- _Aim of the exercise_:
Write out, from the entries below, exactly the lines that run between the lines holding "using choice[OF bounded] by blast" and "define \<beta> where", inclusive, and stop there.

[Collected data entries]
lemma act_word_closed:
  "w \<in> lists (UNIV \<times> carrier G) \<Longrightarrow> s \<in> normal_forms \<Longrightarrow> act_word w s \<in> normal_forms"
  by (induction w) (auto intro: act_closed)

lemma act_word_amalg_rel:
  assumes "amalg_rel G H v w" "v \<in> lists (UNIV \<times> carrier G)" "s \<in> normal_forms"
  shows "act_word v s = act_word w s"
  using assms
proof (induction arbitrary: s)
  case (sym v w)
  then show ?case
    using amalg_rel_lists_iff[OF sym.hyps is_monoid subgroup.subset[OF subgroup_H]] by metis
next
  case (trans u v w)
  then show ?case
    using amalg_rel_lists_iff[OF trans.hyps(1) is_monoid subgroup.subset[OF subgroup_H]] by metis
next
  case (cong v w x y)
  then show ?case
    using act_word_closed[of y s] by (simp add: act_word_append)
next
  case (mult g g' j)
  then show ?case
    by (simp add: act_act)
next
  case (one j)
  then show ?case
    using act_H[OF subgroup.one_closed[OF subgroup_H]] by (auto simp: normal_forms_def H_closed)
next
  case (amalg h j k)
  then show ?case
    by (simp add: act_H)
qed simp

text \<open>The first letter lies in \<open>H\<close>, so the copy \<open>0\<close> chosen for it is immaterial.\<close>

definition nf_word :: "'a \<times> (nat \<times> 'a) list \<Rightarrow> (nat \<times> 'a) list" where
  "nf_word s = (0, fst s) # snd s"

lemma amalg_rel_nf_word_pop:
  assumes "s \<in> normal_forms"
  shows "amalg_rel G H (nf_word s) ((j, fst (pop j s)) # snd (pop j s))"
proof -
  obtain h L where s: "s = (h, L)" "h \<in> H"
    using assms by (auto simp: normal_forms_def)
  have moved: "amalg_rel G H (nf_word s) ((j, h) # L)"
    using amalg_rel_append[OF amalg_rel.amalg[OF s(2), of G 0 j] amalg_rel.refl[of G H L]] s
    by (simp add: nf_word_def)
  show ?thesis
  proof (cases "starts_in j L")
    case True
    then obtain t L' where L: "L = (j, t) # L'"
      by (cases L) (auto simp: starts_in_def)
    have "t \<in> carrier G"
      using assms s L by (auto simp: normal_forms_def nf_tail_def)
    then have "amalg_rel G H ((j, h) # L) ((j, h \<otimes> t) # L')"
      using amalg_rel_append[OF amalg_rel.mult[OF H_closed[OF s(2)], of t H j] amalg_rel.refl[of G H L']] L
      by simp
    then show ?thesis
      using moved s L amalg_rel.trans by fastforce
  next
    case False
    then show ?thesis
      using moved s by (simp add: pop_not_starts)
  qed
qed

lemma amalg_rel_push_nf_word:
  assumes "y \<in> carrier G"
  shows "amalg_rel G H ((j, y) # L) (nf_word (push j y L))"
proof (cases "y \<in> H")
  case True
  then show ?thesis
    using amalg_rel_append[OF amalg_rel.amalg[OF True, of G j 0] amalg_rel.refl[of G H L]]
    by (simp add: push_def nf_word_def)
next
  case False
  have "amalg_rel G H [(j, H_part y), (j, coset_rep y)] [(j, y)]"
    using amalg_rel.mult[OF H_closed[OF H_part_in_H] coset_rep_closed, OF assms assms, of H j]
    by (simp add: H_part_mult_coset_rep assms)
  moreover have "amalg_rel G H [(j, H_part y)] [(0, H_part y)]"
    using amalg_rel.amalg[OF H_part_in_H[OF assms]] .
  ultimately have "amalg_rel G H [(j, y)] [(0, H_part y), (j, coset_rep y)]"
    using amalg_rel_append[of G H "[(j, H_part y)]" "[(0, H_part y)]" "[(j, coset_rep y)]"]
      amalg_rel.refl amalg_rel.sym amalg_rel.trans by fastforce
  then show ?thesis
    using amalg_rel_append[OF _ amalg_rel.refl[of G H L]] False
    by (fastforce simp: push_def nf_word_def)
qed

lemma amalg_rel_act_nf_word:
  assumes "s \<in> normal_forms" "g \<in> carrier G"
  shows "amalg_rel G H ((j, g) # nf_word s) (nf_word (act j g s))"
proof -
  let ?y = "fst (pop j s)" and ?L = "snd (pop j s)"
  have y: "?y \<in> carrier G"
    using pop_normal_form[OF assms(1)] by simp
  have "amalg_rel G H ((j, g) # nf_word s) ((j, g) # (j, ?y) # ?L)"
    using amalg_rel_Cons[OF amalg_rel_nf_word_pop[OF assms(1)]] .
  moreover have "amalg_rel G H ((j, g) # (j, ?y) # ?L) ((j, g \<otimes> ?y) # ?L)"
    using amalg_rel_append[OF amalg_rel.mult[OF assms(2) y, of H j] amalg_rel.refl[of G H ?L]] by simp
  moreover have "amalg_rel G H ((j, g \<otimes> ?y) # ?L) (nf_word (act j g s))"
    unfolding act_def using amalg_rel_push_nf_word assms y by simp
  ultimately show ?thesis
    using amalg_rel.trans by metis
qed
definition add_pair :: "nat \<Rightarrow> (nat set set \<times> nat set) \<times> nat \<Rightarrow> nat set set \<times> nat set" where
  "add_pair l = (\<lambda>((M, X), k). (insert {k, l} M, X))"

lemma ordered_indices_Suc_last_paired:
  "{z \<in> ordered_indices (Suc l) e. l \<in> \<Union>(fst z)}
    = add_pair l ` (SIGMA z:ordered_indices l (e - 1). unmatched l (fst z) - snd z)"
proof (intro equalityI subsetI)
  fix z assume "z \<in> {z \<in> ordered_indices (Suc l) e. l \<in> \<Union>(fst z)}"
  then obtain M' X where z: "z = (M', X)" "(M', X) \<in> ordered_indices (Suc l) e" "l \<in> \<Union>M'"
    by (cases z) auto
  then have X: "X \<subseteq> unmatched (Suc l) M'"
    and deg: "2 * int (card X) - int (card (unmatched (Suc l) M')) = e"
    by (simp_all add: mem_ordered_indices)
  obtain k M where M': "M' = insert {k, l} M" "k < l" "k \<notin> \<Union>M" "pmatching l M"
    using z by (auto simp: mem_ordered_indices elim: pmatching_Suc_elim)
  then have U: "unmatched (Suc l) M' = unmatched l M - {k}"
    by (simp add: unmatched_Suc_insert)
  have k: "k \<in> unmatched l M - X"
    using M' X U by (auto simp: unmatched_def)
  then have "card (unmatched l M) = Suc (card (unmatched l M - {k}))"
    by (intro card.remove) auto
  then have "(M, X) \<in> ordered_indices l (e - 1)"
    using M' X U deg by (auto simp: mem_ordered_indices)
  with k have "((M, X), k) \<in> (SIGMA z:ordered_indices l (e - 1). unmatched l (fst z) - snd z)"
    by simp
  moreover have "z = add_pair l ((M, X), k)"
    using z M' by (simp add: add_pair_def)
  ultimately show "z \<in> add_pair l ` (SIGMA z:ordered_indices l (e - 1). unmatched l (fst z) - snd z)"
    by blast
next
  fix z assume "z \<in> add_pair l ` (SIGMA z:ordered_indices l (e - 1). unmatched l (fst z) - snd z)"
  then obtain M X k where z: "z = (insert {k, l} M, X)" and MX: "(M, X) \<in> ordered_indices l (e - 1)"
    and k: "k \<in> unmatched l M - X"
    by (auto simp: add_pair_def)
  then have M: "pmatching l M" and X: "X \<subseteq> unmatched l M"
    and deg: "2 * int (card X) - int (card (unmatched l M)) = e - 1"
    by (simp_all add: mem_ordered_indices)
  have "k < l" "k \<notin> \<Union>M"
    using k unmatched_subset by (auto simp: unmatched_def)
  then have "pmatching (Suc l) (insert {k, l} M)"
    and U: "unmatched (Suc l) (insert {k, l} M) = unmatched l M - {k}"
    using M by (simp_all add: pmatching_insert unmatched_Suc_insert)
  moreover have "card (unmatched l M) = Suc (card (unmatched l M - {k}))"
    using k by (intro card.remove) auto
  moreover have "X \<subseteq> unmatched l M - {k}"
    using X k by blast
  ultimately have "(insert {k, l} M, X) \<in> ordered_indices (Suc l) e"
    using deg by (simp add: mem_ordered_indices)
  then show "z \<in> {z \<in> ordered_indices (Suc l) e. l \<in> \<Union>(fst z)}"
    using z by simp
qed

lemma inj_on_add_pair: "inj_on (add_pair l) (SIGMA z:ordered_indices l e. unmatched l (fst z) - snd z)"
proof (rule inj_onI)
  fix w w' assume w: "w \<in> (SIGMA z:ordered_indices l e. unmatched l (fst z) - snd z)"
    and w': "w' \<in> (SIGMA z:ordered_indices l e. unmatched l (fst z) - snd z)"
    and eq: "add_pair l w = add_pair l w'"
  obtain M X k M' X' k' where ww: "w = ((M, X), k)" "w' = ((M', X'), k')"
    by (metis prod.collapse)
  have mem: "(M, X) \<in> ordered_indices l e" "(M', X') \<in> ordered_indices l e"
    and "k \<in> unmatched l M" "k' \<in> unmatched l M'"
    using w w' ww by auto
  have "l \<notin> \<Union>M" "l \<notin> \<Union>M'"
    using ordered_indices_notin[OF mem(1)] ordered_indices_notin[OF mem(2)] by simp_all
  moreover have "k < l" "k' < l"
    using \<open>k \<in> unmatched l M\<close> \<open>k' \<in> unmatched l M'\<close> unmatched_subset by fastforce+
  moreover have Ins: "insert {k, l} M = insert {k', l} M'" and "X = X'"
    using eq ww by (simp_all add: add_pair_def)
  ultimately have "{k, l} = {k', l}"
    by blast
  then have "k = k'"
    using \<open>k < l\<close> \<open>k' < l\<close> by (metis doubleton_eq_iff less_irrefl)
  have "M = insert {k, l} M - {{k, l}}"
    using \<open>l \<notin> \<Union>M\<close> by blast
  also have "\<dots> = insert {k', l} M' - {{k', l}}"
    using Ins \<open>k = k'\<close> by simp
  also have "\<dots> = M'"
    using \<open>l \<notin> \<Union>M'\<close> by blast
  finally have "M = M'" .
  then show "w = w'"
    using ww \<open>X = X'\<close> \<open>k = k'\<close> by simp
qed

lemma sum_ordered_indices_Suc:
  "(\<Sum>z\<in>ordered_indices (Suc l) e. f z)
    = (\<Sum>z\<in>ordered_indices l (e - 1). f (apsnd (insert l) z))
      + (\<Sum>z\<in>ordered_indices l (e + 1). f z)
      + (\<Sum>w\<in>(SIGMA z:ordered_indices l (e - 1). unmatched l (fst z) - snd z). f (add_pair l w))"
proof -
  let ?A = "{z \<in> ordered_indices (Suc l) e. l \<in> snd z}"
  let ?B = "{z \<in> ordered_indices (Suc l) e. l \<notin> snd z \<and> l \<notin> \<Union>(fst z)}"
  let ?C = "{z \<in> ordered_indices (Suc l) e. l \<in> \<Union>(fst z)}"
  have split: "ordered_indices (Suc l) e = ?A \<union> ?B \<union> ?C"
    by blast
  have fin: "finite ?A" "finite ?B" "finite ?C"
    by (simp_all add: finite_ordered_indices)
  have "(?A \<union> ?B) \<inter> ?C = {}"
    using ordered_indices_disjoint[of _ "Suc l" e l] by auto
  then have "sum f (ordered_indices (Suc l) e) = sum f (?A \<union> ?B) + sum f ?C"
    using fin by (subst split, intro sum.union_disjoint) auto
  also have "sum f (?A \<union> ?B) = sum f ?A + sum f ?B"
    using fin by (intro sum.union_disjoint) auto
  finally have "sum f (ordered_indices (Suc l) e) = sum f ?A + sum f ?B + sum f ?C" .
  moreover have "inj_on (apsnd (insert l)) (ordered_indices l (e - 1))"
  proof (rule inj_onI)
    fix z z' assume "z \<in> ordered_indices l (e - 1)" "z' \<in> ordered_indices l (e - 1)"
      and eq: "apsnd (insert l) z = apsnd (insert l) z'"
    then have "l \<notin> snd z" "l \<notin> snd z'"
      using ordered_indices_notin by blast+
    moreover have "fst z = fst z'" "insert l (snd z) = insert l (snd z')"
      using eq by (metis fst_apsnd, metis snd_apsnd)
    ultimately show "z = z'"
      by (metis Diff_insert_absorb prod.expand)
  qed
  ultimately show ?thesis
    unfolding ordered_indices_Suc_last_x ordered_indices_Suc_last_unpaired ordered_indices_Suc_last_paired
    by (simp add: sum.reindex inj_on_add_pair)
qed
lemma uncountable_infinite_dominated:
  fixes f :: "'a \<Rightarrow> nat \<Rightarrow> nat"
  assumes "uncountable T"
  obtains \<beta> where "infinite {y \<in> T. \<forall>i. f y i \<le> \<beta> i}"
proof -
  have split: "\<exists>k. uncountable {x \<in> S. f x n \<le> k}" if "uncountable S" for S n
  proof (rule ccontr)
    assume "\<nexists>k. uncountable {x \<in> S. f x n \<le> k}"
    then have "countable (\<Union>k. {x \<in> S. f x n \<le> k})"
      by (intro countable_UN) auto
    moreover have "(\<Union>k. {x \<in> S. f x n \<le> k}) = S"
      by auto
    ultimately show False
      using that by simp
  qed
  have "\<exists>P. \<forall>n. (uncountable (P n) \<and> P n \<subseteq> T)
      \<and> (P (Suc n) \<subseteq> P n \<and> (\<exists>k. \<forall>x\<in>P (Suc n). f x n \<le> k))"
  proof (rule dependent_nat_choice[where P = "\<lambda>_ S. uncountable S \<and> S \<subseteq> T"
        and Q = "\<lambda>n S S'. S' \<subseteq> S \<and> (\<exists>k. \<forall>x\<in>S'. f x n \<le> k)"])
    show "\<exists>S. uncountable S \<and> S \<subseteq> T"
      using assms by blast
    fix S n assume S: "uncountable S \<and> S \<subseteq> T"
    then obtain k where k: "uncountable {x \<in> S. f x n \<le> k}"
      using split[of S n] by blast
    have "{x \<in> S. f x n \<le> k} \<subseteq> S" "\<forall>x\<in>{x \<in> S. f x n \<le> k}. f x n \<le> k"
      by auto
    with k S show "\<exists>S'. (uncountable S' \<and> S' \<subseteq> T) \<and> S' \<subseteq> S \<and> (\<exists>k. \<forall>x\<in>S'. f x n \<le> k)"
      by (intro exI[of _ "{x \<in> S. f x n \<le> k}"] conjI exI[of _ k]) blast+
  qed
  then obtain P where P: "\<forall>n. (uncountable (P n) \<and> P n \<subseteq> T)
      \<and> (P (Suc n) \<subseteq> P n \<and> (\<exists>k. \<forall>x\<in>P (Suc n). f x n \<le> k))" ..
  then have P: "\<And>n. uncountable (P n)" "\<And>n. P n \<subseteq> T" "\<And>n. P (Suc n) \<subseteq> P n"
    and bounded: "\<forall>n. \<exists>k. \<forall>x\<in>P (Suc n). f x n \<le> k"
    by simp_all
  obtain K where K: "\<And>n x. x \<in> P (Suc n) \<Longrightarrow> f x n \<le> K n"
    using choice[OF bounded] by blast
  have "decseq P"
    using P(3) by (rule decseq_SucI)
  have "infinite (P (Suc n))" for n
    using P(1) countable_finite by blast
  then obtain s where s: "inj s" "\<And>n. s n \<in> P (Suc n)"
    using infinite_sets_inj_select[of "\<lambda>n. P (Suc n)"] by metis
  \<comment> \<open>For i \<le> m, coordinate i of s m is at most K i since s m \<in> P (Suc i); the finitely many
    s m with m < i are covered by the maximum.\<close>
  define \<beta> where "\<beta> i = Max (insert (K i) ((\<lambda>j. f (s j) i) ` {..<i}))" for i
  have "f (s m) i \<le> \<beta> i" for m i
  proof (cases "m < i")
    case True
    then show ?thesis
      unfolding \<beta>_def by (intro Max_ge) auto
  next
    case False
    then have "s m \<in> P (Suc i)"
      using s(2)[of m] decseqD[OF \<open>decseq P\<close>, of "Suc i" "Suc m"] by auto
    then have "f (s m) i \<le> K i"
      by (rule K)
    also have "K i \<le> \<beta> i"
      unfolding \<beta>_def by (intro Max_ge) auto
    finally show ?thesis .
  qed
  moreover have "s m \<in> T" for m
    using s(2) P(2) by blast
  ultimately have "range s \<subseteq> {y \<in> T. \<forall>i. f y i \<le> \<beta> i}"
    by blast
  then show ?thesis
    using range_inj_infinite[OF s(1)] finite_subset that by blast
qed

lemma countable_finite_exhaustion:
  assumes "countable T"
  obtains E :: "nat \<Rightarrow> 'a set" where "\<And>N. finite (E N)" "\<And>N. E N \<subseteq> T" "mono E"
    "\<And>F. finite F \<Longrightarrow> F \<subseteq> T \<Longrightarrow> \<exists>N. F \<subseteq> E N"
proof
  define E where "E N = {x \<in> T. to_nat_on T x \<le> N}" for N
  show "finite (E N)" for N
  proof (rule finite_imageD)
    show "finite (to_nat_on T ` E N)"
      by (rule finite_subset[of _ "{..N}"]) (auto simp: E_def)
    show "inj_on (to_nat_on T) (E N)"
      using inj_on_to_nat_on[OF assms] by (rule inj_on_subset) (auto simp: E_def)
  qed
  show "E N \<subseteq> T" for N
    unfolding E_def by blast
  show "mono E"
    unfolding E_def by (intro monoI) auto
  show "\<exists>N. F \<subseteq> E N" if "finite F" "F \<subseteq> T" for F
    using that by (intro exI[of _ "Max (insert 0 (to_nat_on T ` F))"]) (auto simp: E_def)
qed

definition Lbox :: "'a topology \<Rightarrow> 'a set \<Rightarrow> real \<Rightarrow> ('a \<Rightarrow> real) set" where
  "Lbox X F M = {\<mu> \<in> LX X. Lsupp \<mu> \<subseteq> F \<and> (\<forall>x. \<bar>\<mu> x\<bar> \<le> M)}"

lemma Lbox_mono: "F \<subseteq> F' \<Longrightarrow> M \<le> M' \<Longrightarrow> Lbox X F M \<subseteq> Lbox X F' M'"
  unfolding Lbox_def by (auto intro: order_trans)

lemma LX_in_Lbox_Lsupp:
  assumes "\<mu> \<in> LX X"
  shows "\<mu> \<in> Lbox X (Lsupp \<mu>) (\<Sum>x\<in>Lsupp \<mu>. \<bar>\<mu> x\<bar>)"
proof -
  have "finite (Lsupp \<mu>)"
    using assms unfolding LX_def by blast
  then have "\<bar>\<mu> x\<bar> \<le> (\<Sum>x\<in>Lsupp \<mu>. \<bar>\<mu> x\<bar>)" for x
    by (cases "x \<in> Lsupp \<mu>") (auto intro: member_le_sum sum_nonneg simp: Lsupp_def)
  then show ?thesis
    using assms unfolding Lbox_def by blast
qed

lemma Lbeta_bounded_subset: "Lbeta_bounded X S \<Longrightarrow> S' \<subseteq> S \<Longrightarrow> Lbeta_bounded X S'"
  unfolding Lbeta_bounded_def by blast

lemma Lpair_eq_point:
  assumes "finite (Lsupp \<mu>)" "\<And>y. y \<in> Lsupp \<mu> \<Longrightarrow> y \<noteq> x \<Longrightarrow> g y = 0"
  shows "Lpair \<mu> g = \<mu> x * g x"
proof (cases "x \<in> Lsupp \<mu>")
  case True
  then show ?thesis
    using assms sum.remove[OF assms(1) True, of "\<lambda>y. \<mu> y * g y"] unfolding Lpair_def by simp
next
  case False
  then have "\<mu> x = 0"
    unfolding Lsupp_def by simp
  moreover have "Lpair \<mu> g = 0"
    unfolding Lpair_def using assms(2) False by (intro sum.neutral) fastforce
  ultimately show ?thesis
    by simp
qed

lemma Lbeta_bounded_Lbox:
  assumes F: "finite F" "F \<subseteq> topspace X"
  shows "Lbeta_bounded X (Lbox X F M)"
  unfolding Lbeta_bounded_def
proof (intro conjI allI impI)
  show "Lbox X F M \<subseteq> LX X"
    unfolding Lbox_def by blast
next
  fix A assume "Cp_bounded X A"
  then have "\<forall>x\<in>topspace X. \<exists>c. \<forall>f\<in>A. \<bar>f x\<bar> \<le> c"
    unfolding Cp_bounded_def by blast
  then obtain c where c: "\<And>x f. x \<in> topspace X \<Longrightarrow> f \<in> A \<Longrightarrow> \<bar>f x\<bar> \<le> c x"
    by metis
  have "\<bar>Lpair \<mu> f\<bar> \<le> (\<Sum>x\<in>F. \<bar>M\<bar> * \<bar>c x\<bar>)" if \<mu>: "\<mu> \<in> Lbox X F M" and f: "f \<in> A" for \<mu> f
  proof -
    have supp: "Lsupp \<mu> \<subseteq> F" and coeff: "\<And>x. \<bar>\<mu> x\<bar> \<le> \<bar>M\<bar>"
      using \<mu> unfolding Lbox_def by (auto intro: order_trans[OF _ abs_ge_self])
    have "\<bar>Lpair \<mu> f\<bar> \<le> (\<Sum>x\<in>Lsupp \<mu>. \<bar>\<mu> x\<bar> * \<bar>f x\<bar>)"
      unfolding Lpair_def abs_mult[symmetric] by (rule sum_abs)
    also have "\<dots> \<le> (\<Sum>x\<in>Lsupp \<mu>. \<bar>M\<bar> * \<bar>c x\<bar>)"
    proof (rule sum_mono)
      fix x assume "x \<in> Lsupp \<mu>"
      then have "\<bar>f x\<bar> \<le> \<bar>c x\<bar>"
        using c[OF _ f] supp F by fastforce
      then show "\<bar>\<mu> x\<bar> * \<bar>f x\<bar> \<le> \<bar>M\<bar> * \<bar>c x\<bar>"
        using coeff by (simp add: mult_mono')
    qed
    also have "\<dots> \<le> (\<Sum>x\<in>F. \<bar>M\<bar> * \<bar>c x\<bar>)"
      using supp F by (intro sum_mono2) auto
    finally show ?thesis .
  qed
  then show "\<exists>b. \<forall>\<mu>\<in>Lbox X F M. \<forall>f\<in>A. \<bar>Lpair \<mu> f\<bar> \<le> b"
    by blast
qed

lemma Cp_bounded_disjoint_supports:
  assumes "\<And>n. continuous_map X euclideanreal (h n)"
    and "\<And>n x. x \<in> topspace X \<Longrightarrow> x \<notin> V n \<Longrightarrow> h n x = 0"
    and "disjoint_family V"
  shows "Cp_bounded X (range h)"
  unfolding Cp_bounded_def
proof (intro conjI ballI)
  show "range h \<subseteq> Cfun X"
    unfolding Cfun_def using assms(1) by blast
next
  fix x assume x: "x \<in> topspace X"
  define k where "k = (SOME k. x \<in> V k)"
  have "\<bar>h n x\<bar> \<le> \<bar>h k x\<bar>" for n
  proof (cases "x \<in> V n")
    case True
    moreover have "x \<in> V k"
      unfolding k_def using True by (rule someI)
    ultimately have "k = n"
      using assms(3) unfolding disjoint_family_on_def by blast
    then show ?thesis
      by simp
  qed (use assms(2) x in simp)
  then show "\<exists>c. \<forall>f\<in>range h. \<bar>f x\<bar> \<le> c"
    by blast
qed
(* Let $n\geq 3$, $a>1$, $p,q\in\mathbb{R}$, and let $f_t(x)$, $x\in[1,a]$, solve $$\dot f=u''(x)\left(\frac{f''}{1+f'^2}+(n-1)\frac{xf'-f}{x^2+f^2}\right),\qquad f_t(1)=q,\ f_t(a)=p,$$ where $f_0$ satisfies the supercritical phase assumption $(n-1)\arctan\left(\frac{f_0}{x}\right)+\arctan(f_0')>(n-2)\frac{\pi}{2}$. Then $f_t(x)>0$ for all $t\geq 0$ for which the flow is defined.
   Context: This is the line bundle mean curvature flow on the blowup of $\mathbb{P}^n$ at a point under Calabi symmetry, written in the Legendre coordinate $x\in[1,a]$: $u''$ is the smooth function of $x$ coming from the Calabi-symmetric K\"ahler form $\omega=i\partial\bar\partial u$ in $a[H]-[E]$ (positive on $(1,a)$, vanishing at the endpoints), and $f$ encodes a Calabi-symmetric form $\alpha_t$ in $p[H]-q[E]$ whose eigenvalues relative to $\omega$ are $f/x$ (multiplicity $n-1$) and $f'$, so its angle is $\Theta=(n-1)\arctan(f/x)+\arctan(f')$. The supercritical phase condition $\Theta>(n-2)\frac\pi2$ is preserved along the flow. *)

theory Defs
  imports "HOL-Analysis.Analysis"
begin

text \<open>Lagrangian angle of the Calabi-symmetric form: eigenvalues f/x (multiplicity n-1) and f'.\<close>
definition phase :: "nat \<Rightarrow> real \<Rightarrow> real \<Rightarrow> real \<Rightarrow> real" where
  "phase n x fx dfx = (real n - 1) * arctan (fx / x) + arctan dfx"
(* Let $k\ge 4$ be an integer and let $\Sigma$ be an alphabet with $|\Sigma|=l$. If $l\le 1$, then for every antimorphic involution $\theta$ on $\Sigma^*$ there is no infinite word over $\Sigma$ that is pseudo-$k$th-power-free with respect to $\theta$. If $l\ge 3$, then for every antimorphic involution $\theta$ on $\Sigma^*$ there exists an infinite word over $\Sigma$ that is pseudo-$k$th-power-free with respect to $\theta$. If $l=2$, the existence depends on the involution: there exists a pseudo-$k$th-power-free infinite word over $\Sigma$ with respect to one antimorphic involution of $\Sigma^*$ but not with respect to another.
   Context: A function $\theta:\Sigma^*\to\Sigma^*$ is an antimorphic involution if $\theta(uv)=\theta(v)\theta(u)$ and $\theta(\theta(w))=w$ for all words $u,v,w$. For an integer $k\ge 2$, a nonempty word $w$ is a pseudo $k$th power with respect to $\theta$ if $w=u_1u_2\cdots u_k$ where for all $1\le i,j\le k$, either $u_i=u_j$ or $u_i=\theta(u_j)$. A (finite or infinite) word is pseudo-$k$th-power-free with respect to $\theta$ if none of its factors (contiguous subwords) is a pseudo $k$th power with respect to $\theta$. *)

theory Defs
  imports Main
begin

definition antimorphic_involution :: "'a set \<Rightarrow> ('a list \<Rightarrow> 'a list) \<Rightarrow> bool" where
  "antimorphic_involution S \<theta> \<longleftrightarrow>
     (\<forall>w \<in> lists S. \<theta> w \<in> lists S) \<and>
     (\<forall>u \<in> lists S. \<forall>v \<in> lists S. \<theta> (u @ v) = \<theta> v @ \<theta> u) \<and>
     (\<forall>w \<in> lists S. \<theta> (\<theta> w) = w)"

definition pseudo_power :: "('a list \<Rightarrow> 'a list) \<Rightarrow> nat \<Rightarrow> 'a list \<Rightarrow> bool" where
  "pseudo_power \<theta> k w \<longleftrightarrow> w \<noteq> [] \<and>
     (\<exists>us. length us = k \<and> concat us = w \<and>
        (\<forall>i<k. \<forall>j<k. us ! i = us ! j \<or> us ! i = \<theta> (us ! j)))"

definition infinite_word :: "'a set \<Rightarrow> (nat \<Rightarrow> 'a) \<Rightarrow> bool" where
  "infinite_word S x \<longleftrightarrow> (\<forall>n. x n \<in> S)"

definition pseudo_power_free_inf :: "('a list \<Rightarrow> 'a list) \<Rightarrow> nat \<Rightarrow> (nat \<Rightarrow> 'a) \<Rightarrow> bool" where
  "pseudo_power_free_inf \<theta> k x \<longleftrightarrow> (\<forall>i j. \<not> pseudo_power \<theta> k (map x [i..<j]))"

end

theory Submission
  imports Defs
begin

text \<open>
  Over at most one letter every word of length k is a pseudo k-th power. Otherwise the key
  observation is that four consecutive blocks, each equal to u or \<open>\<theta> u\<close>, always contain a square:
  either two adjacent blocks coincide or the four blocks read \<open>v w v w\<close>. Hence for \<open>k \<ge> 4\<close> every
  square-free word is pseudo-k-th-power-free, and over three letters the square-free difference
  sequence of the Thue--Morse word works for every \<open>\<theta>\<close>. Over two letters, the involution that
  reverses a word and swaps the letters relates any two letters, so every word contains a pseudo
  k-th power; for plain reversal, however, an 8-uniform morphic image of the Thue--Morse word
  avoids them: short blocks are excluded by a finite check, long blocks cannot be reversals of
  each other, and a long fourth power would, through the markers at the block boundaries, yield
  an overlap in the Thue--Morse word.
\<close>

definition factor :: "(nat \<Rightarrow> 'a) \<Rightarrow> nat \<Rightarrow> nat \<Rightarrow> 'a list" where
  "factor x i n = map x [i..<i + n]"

- _Solution_:
    using choice[OF bounded] by blast
  have "decseq P"
    using P(3) by (rule decseq_SucI)
  have "infinite (P (Suc n))" for n
    using P(1) countable_finite by blast
  then obtain s where s: "inj s" "\<And>n. s n \<in> P (Suc n)"
    using infinite_sets_inj_select[of "\<lambda>n. P (Suc n)"] by metis
  \<comment> \<open>For i \<le> m, coordinate i of s m is at most K i since s m \<in> P (Suc i); the finitely many
    s m with m < i are covered by the maximum.\<close>
  define \<beta> where "\<beta> i = Max (insert (K i) ((\<lambda>j. f (s j) i) ` {..<i}))" for i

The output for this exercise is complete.